No, it wouldn't count. Because then we would have some thousands of bohemian rhapsodies. An art expression would perhaps be the whole bunch of works together (if you managed to give them a sense of being), and the artist would be whoever devised the program that created them. But individually, it would be have the same art value as those pictures sold in IKEA. Beautiful yes, but not art by themselves.

Edit: art is not art because "just works" or because it's likeable. Art goes way beyond what just works or the search for beauty. See the Viennese actionism for example: http://www.theartstory.org/movement-viennese-actionism.htm

> No, it wouldn't count. Because then we would have some thousands of bohemian rhapsodies.

The computer broke after completing the work: now does it count? I don't understand your idea of art, isn't there beauty in the result? You give different value if the same result has been reached by a computer, chaos or a human?

Do you have to know how the piece has been produced to decide if it's art or not?

Yes. A rock that's been pleasingly shaped by desert winds is not considered art. But if we'd later find out that it was actually a man-made artifact, it would become a candidate for this label.
So then the computer software that generated the joke would be considered the work of art instead of the jokes that were generated? After all, the software was man-made, even though the generated output was computer-made.
Hmm, I always find it weird that specifically the visual arts suffer from this. It's a lot easier to agree on music and dance (not liking it per se, but what constitutes an artist).

Yet, go to a modern art gallery and someone will try to convince you the potato he stuck on a coathanger is 'art'. usually with the same fluffy explanations you are offering here.
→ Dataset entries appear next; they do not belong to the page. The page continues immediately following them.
lemma Cap_star_class_le:
  assumes d_pos: "0 < d" and d_le_1: "d \<le> 1" and d_harm: "d * harm N \<le> 1" and N: "1 \<le> N"
    and C: "C \<in> star_classes r m"
  shows "Cap r m d N (EN N C) (EN N (Sstar m - C))
    \<le> escape_const r m * d\<^sup>2 / (real N)\<^sup>2 / (2 * partition_sum m d N)"
proof -
  let ?A = "EN N C" and ?B = "EN N (Sstar m - C)"
  have occupation_xi: "occupation C N (xi N x) = of_bool (x \<in> C)" for x
    using N by (simp add: occupation_def xi_def if_distrib sum.delta cong: if_cong)
  have "inj (xi N :: 'a \<Rightarrow> 'a config)"
    using N by (intro injI) (metis xi_def not_one_le_zero)
  then have "energy r m d N (hit_prob r d N ?A ?B) \<le> energy r m d N (occupation C N)"
    using hit_prob_target[of r, OF r_nonneg d_pos] hit_prob_avoided[of r, OF r_nonneg d_pos]
    by (intro dirichlet_principle[OF d_pos]) (auto simp: EN_def occupation_xi inj_image_mem_iff)
  also have "\<dots> \<le> escape_const r m * d\<^sup>2 / (real N)\<^sup>2"
    using star_class_boundary[OF C] by (intro energy_occupation_le[OF d_pos d_le_1 d_harm]) auto
  finally show ?thesis
    unfolding Cap_def Dirichlet_eq_energy partition_sum_def
    using mu_weight_nonneg[OF d_pos] by (intro divide_right_mono) (auto intro: sum_nonneg)
qed

lemma Cap_singletons_ge:
  assumes d_pos: "0 < d" and N: "1 \<le> N" and K: "0 < K" and xy: "xi N x \<noteq> xi N y"
    and K_bound: "\<And>g. (g (xi N x) - g (xi N y))\<^sup>2 \<le> K * (real N / d\<^sup>2 * energy r m d N g)"
  shows "d\<^sup>2 / (K * real N) / (2 * partition_sum m d N) \<le> Cap r m d N {xi N x} {xi N y}"
proof -
  let ?h = "hit_prob r d N {xi N x} {xi N y}"
  have "?h (xi N x) = 1" and "?h (xi N y) = 0"
    using hit_prob_target[of r, OF r_nonneg d_pos] hit_prob_avoided[of r, OF r_nonneg d_pos] xy by auto
  then have "1 \<le> K * (real N / d\<^sup>2 * energy r m d N ?h)"
    using K_bound[of ?h] by simp
  then have "d\<^sup>2 / (K * real N) \<le> energy r m d N ?h"
    using d_pos K N by (simp add: field_simps)
  then show ?thesis
    unfolding Cap_def Dirichlet_eq_energy partition_sum_def
    using mu_weight_nonneg[OF d_pos] by (intro divide_right_mono) (auto intro: sum_nonneg)
qed
lemma linear_ode_zero_unique_right:
  fixes D :: "real \<Rightarrow> 'a::real_inner"
  assumes A: "bounded_linear A" and t: "0 \<le> t" and D0: "D 0 = 0"
    and D': "\<And>x. x \<in> {0..t} \<Longrightarrow> (D has_vector_derivative A (D x)) (at x within {0..t})"
  shows "D t = 0"
proof -
  obtain K where K: "\<And>x. norm (A x) \<le> norm x * K"
    using bounded_linear.bounded[OF A] by blast
  have growth: "D x \<bullet> A (D x) \<le> K * (D x \<bullet> D x)" for x
  proof -
    have "D x \<bullet> A (D x) \<le> norm (D x) * norm (A (D x))" by (rule norm_cauchy_schwarz)
    also have "\<dots> \<le> norm (D x) * (norm (D x) * K)" by (rule mult_left_mono[OF K]) simp
    also have "\<dots> = K * (D x \<bullet> D x)" by (simp add: dot_square_norm power2_eq_square)
    finally show ?thesis .
  qed
  \<comment> \<open>the weight absorbs the growth rate \<open>2 K\<close> of \<open>|D|\<^sup>2\<close>, so \<open>g\<close> is nonincreasing\<close>
  define g where "g y = exp (-2*K*y) * (D y \<bullet> D y)" for y
  define g' where "g' y = 2 * exp (-2*K*y) * (D y \<bullet> A (D y) - K * (D y \<bullet> D y))" for y
  have "(g has_real_derivative g' x) (at x within {0..t})" if "x \<in> {0..t}" for x
  proof -
    have "((\<lambda>y. D y \<bullet> D y) has_real_derivative 2 * (D x \<bullet> A (D x))) (at x within {0..t})"
      using bounded_bilinear.has_vector_derivative[OF bounded_bilinear_inner D'[OF that] D'[OF that]]
      by (simp add: has_real_derivative_iff_has_vector_derivative inner_commute)
    then show ?thesis
      unfolding g_def g'_def by (auto intro!: derivative_eq_intros simp: algebra_simps)
  qed
  then obtain \<xi> where "g t - g 0 = g' \<xi> * (t - 0)"
    using mvt_very_simple[OF t, of g "\<lambda>y. (*) (g' y)"] by (auto simp: has_field_derivative_def)
  moreover have "g' \<xi> \<le> 0"
    using growth[of \<xi>] by (simp add: g'_def mult_nonneg_nonpos)
  ultimately have "g t \<le> 0"
    using t D0 by (simp add: g_def mult_nonpos_nonneg)
  then have "D t \<bullet> D t \<le> 0"
    by (simp add: g_def mult_le_0_iff)
  then show ?thesis
    by (metis inner_eq_zero_iff inner_ge_zero order_antisym)
qed

lemma linear_ode_zero_unique:
  fixes D :: "real \<Rightarrow> 'a::real_inner"
  assumes A: "bounded_linear A" and T: "is_interval T" "0 \<in> T" and t: "t \<in> T"
    and D0: "D 0 = 0"
    and D': "\<And>x. x \<in> T \<Longrightarrow> (D has_vector_derivative A (D x)) (at x within T)"
  shows "D t = 0"
proof (cases "0 \<le> t")
  case True
  have "{0..t} \<subseteq> T"
    using T t by (meson atLeastAtMost_iff is_interval_1 subsetI)
  then show ?thesis
    using linear_ode_zero_unique_right[of A t D, OF A True D0] D'
    by (meson has_vector_derivative_within_subset subsetD)
next
  case False
  have mirror_in_T: "-x \<in> T" if "x \<in> {0..-t}" for x
  proof -
    have "t \<le> -x" "-x \<le> 0" using that by auto
    then show ?thesis using T t unfolding is_interval_1 by blast
  qed
  have "(D \<circ> uminus has_vector_derivative - A ((D \<circ> uminus) x)) (at x within {0..-t})"
    if x: "x \<in> {0..-t}" for x
  proof -
    have "(D has_vector_derivative A (D (-x))) (at (-x) within uminus ` {0..-t})"
      using has_vector_derivative_within_subset[OF D'[OF mirror_in_T[OF x]]] mirror_in_T by blast
    from vector_diff_chain_within[OF has_vector_derivative_minus[OF has_vector_derivative_id] this]
    show ?thesis by simp
  qed
  then have "(D \<circ> uminus) (-t) = 0"
    using linear_ode_zero_unique_right[of "\<lambda>x. - A x" "-t" "D \<circ> uminus"]
      bounded_linear_minus[OF A] False D0 by simp
  then show ?thesis by simp
qed

definition log_p :: "real^'j \<Rightarrow> real^'j \<Rightarrow> real^'j" where
  "log_p p q = proj_p p (\<chi> j. ln (q$j / p$j))"

lemma bounded_linear_proj_p: "bounded_linear (proj_p (p :: real^'j::finite))"
  unfolding linear_conv_bounded_linear[symmetric]
  by (rule linearI) (simp_all add: vec_eq_iff proj_p_def algebra_simps sum.distrib sum_distrib_left)

lemma proj_p_add_const:
  fixes p z :: "real^'j::finite"
  assumes "(\<Sum>j\<in>UNIV. p$j) = 1"
  shows "proj_p p (\<chi> j. z$j + c) = proj_p p z"
proof -
  have "(\<Sum>k\<in>UNIV. p$k * (z$k + c)) = (\<Sum>k\<in>UNIV. p$k * z$k) + c"
    using assms by (simp add: distrib_left sum.distrib sum_distrib_right[symmetric])
  then show ?thesis by (simp add: proj_p_def vec_eq_iff algebra_simps)
qed

lemma tangent0_proj_p:
  fixes p z :: "real^'j::finite"
  assumes "(\<Sum>j\<in>UNIV. p$j) = 1"
  shows "tangent0 (proj_p p z)"
  using assms by (simp add: tangent0_def proj_p_def sum_subtractf sum_distrib_right[symmetric])

lemma exp_p_zero:
  fixes p :: "real^'j::finite"
  assumes "(\<Sum>j\<in>UNIV. p$j) = 1"
  shows "exp_p p 0 = p"
  using assms by (simp add: exp_p_def vec_eq_iff)

lemma exp_p_normalizer_pos:
  fixes p v :: "real^'j::finite"
  assumes "prob_simplex p"
  shows "(\<Sum>k\<in>UNIV. p$k * exp (v$k / p$k)) > 0"
  using assms by (intro sum_pos) (auto simp: prob_simplex_def)

lemma prob_simplex_exp_p:
  fixes p v :: "real^'j::finite"
  assumes "prob_simplex p"
  shows "prob_simplex (exp_p p v)"
proof -
  define Z where "Z = (\<Sum>k\<in>UNIV. p$k * exp (v$k / p$k))"
  have Z: "Z > 0" unfolding Z_def by (rule exp_p_normalizer_pos[OF assms])
  have "exp_p p v $ j > 0" for j
    using assms Z by (simp add: prob_simplex_def exp_p_def Z_def)
  moreover have "(\<Sum>j\<in>UNIV. exp_p p v $ j) = 1"
    using Z by (simp add: exp_p_def Z_def sum_divide_distrib[symmetric])
  ultimately show ?thesis by (simp add: prob_simplex_def)
qed

lemma log_p_exp_p:
  fixes p v :: "real^'j::finite"
  assumes p: "prob_simplex p" and v: "tangent0 v"
  shows "log_p p (exp_p p v) = v"
proof -
  define Z where "Z = (\<Sum>k\<in>UNIV. p$k * exp (v$k / p$k))"
  have "Z > 0" unfolding Z_def by (rule exp_p_normalizer_pos[OF p])
  moreover have "p$j > 0" "p$j \<noteq> 0" for j using p by (simp_all add: prob_simplex_def less_imp_neq[symmetric])
  ultimately have "ln (exp_p p v $ j / p$j) = v$j / p$j + - ln Z" for j
    by (simp add: exp_p_def Z_def ln_div ln_mult)
  then have "log_p p (exp_p p v) = proj_p p (\<chi> j. v$j / p$j)"
    using p proj_p_add_const[of p "\<chi> j. v$j / p$j" "- ln Z"] by (simp add: log_p_def prob_simplex_def)
  also have "\<dots> = v"
    using p v by (simp add: proj_p_def tangent0_def prob_simplex_def vec_eq_iff less_imp_neq[symmetric])
  finally show ?thesis .
qed

lemma exp_p_log_p:
  fixes p q :: "real^'j::finite"
  assumes p: "prob_simplex p" and q: "prob_simplex q"
  shows "exp_p p (log_p p q) = q"
proof -
  define c where "c = (\<Sum>k\<in>UNIV. p$k * ln (q$k / p$k))"
  have "p$j * exp (log_p p q $ j / p$j) = q$j * exp (-c)" for j
  proof -
    have pj: "p$j > 0" and qj: "q$j > 0" using p q by (simp_all add: prob_simplex_def)
    then have "log_p p q $ j / p$j = ln (q$j / p$j) - c"
      by (simp add: log_p_def proj_p_def c_def field_simps)
    with pj qj show ?thesis by (simp add: exp_diff exp_minus divide_inverse)
  qed
  moreover have "(\<Sum>k\<in>UNIV. q$k * exp (-c)) = exp (-c)"
    using q by (simp add: prob_simplex_def sum_distrib_right[symmetric])
  ultimately show ?thesis
    by (simp add: exp_p_def vec_eq_iff)
qed
lemma convex_on_fs_midpoint_le:
  assumes "convex_on_fs X \<phi>" "\<forall>x\<in>X. \<phi> x \<noteq> -\<infinity>" "x \<in> X" "y \<in> X"
    and "\<phi> x \<le> ereal p" "\<phi> y \<le> ereal q"
  shows "\<phi> (\<lambda>\<omega>. (x \<omega> + y \<omega>) / 2) \<le> ereal ((p + q) / 2)"
proof -
  obtain a b where ab: "\<phi> x = ereal a" "\<phi> y = ereal b"
    using assms(2-6) by (cases "\<phi> x"; cases "\<phi> y") auto
  have "\<phi> (\<lambda>\<omega>. (x \<omega> + y \<omega>) / 2) \<le> ereal (1/2) * \<phi> x + ereal (1/2) * \<phi> y"
    using convex_on_fs_half assms(1,3,4) .
  also have "\<dots> \<le> ereal ((p + q) / 2)"
    using assms(5,6) ab by simp
  finally show ?thesis .
qed

lemma convex_on_fs_ge_by_reflection:
  assumes "lin_subspace X" "convex_on_fs X \<phi>" "\<forall>x\<in>X. \<phi> x \<noteq> -\<infinity>" "x \<in> X"
    and "\<phi> (\<lambda>_. 0) = ereal r0" "\<phi> (\<lambda>\<omega>. - x \<omega>) \<le> ereal (r0 - a)"
  shows "ereal (r0 + a) \<le> \<phi> x"
proof (cases "\<phi> x")
  case (real c)
  have "(\<lambda>\<omega>. - x \<omega>) = (\<lambda>\<omega>. (-1) * x \<omega>)" by simp
  then have mx: "(\<lambda>\<omega>. - x \<omega>) \<in> X"
    using assms(1,4) unfolding lin_subspace_def by metis
  then obtain b where b: "\<phi> (\<lambda>\<omega>. - x \<omega>) = ereal b" "b \<le> r0 - a"
    using assms(3,6) by (cases "\<phi> (\<lambda>\<omega>. - x \<omega>)") auto
  have "\<phi> (\<lambda>_. 0) \<le> ereal (1/2) * \<phi> x + ereal (1/2) * \<phi> (\<lambda>\<omega>. - x \<omega>)"
    using convex_on_fs_half[OF assms(2,4) mx] by simp
  then show ?thesis using assms(5) real b by simp
qed (use assms(3,4) in simp_all)

lemma finite_at_zero_if_proper:
  assumes "lin_subspace X" "Linfty M \<subseteq> Xs" "\<forall>x\<in>X. integrable M x" "\<forall>x\<in>X. \<phi> x \<noteq> -\<infinity>"
    and "\<forall>x\<in>X. \<forall>x'\<in>X. (AE \<omega> in M. x \<omega> = x' \<omega>) \<longrightarrow> \<phi> x = \<phi> x'" "proper_on X \<phi>"
    and "weakly_dense M X Xs (fspan S)" "\<forall>z\<in>S. affine_along \<phi> z"
  shows "\<exists>r0. \<phi> (\<lambda>_. 0) = ereal r0"
proof -
  have X0: "(\<lambda>_. 0) \<in> X"
    using assms(1) unfolding lin_subspace_def by blast
  have "\<phi> (\<lambda>_. 0) < \<infinity>"
  proof (cases "S = {}")
    case True
    obtain x where x: "x \<in> X" "\<phi> x < \<infinity>"
      using assms(6) unfolding proper_on_def by blast
    have "weakly_dense M X Xs {\<lambda>_. 0}"
      using assms(7) unfolding True fspan_empty .
    then have "AE \<omega> in M. x \<omega> = 0"
      using AE_zero_if_weakly_dense_zero[OF assms(2) _ x(1)] assms(3) x(1) by blast
    then have "\<phi> x = \<phi> (\<lambda>_. 0)"
      using assms(5)[rule_format, OF x(1) X0] by simp
    then show ?thesis
      using x(2) by simp
  next
    case False
    then obtain z where "z \<in> S" by blast
    then have "\<phi> (\<lambda>\<omega>. 0 * z \<omega>) < \<infinity>"
      using assms(8) unfolding affine_along_def by blast
    then show ?thesis by simp
  qed
  then show ?thesis
    using assms(4) X0 by (cases "\<phi> (\<lambda>_. 0)") auto
qed

lemma convex_fspan_sum_le:
  fixes n :: nat
  assumes X: "lin_subspace X" "S \<subseteq> X" and cvx: "convex_on_fs X \<phi>" "\<forall>x\<in>X. \<phi> x \<noteq> -\<infinity>"
    and "\<phi> (\<lambda>_. 0) = ereal r0" and A: "\<forall>z\<in>S. \<forall>m. \<phi> (\<lambda>\<omega>. m * z \<omega>) = ereal (A z * m + r0)"
    and "\<forall>i<n. Z i \<in> S"
  shows "\<phi> (\<lambda>\<omega>. \<Sum>i<n. c i * Z i \<omega>) \<le> ereal ((\<Sum>i<n. c i * A (Z i)) + r0)"
  using assms(7)
proof (induction n arbitrary: c)
  case 0
  then show ?case using assms(5) by simp
next
  case (Suc n)
  \<comment> \<open>The sum up to n is the midpoint of twice the sum below n and twice its last term.\<close>
  define u where "u = (\<lambda>\<omega>. \<Sum>i<n. (2 * c i) * Z i \<omega>)"
  define w where "w = (\<lambda>\<omega>. (2 * c n) * Z n \<omega>)"
  have "u \<in> X"
    unfolding u_def by (intro lin_subspace_sum[OF X(1)]) (use Suc.prems X(2) in auto)
  moreover have "w \<in> X"
    using X Suc.prems unfolding w_def lin_subspace_def by auto
  moreover have "\<phi> u \<le> ereal ((\<Sum>i<n. (2 * c i) * A (Z i)) + r0)"
    using Suc unfolding u_def by simp
  moreover have "\<phi> w \<le> ereal (A (Z n) * (2 * c n) + r0)"
    using A Suc.prems unfolding w_def by simp
  ultimately have "\<phi> (\<lambda>\<omega>. (u \<omega> + w \<omega>) / 2)
      \<le> ereal (((\<Sum>i<n. (2 * c i) * A (Z i)) + r0 + (A (Z n) * (2 * c n) + r0)) / 2)"
    using convex_on_fs_midpoint_le[OF cvx] by blast
  moreover have "(\<lambda>\<omega>. (u \<omega> + w \<omega>) / 2) = (\<lambda>\<omega>. \<Sum>i<Suc n. c i * Z i \<omega>)"
    unfolding u_def w_def by (simp add: fun_eq_iff sum_distrib_left sum_distrib_right mult_ac)
  moreover have "((\<Sum>i<n. (2 * c i) * A (Z i)) + r0 + (A (Z n) * (2 * c n) + r0)) / 2
      = (\<Sum>i<Suc n. c i * A (Z i)) + r0"
    by (simp add: sum_distrib_left sum_distrib_right mult_ac field_simps)
  ultimately show ?case by metis
qed

lemma convex_fspan_sum_eq:
  fixes n :: nat
  assumes "lin_subspace X" "S \<subseteq> X" "convex_on_fs X \<phi>" "\<forall>x\<in>X. \<phi> x \<noteq> -\<infinity>"
    and "\<phi> (\<lambda>_. 0) = ereal r0" "\<forall>z\<in>S. \<forall>m. \<phi> (\<lambda>\<omega>. m * z \<omega>) = ereal (A z * m + r0)"
    and "\<forall>i<n. Z i \<in> S"
  shows "\<phi> (\<lambda>\<omega>. \<Sum>i<n. c i * Z i \<omega>) = ereal ((\<Sum>i<n. c i * A (Z i)) + r0)"
proof (rule antisym)
  show "\<phi> (\<lambda>\<omega>. \<Sum>i<n. c i * Z i \<omega>) \<le> ereal ((\<Sum>i<n. c i * A (Z i)) + r0)"
    using convex_fspan_sum_le[OF assms] .
  have "(\<lambda>\<omega>. - (\<Sum>i<n. c i * Z i \<omega>)) = (\<lambda>\<omega>. \<Sum>i<n. (- c i) * Z i \<omega>)"
    by (simp add: sum_negf)
  then have "\<phi> (\<lambda>\<omega>. - (\<Sum>i<n. c i * Z i \<omega>)) \<le> ereal (r0 - (\<Sum>i<n. c i * A (Z i)))"
    using convex_fspan_sum_le[OF assms, of "\<lambda>i. - c i"] by (simp add: sum_negf)
  moreover have "(\<lambda>\<omega>. \<Sum>i<n. c i * Z i \<omega>) \<in> X"
    using lin_subspace_sum[OF assms(1)] assms(2,7) by blast
  ultimately show "ereal ((\<Sum>i<n. c i * A (Z i)) + r0) \<le> \<phi> (\<lambda>\<omega>. \<Sum>i<n. c i * Z i \<omega>)"
    using convex_on_fs_ge_by_reflection[OF assms(1,3,4) _ assms(5),
        of "\<lambda>\<omega>. \<Sum>i<n. c i * Z i \<omega>" "\<Sum>i<n. c i * A (Z i)"]
    by (simp add: add.commute)
qed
Answer depends on whether we're looking only at the end product, ignoring the process, but common convention is to qualify the end product name using words like artificial or drawn by an elephant to reduce confusion and to differentiate.
If a computer generates 100000000 unfunny jokes and one that seems funny, does that count?
It's not very different from how I learned to tell jokes. My brothers heard a lot of terrible jokes before I figured out timing and other aspects of humour.

If it makes you laugh, it's a good joke. What does the origin matter?

You're not making an argument that Pikazo generates real art. You're making an argument that humans don't make real art. This notion has absolutely no interesting implications for AI. It's like saying "language is relative, so any output of Google Translate is just as valid as what you think is valid".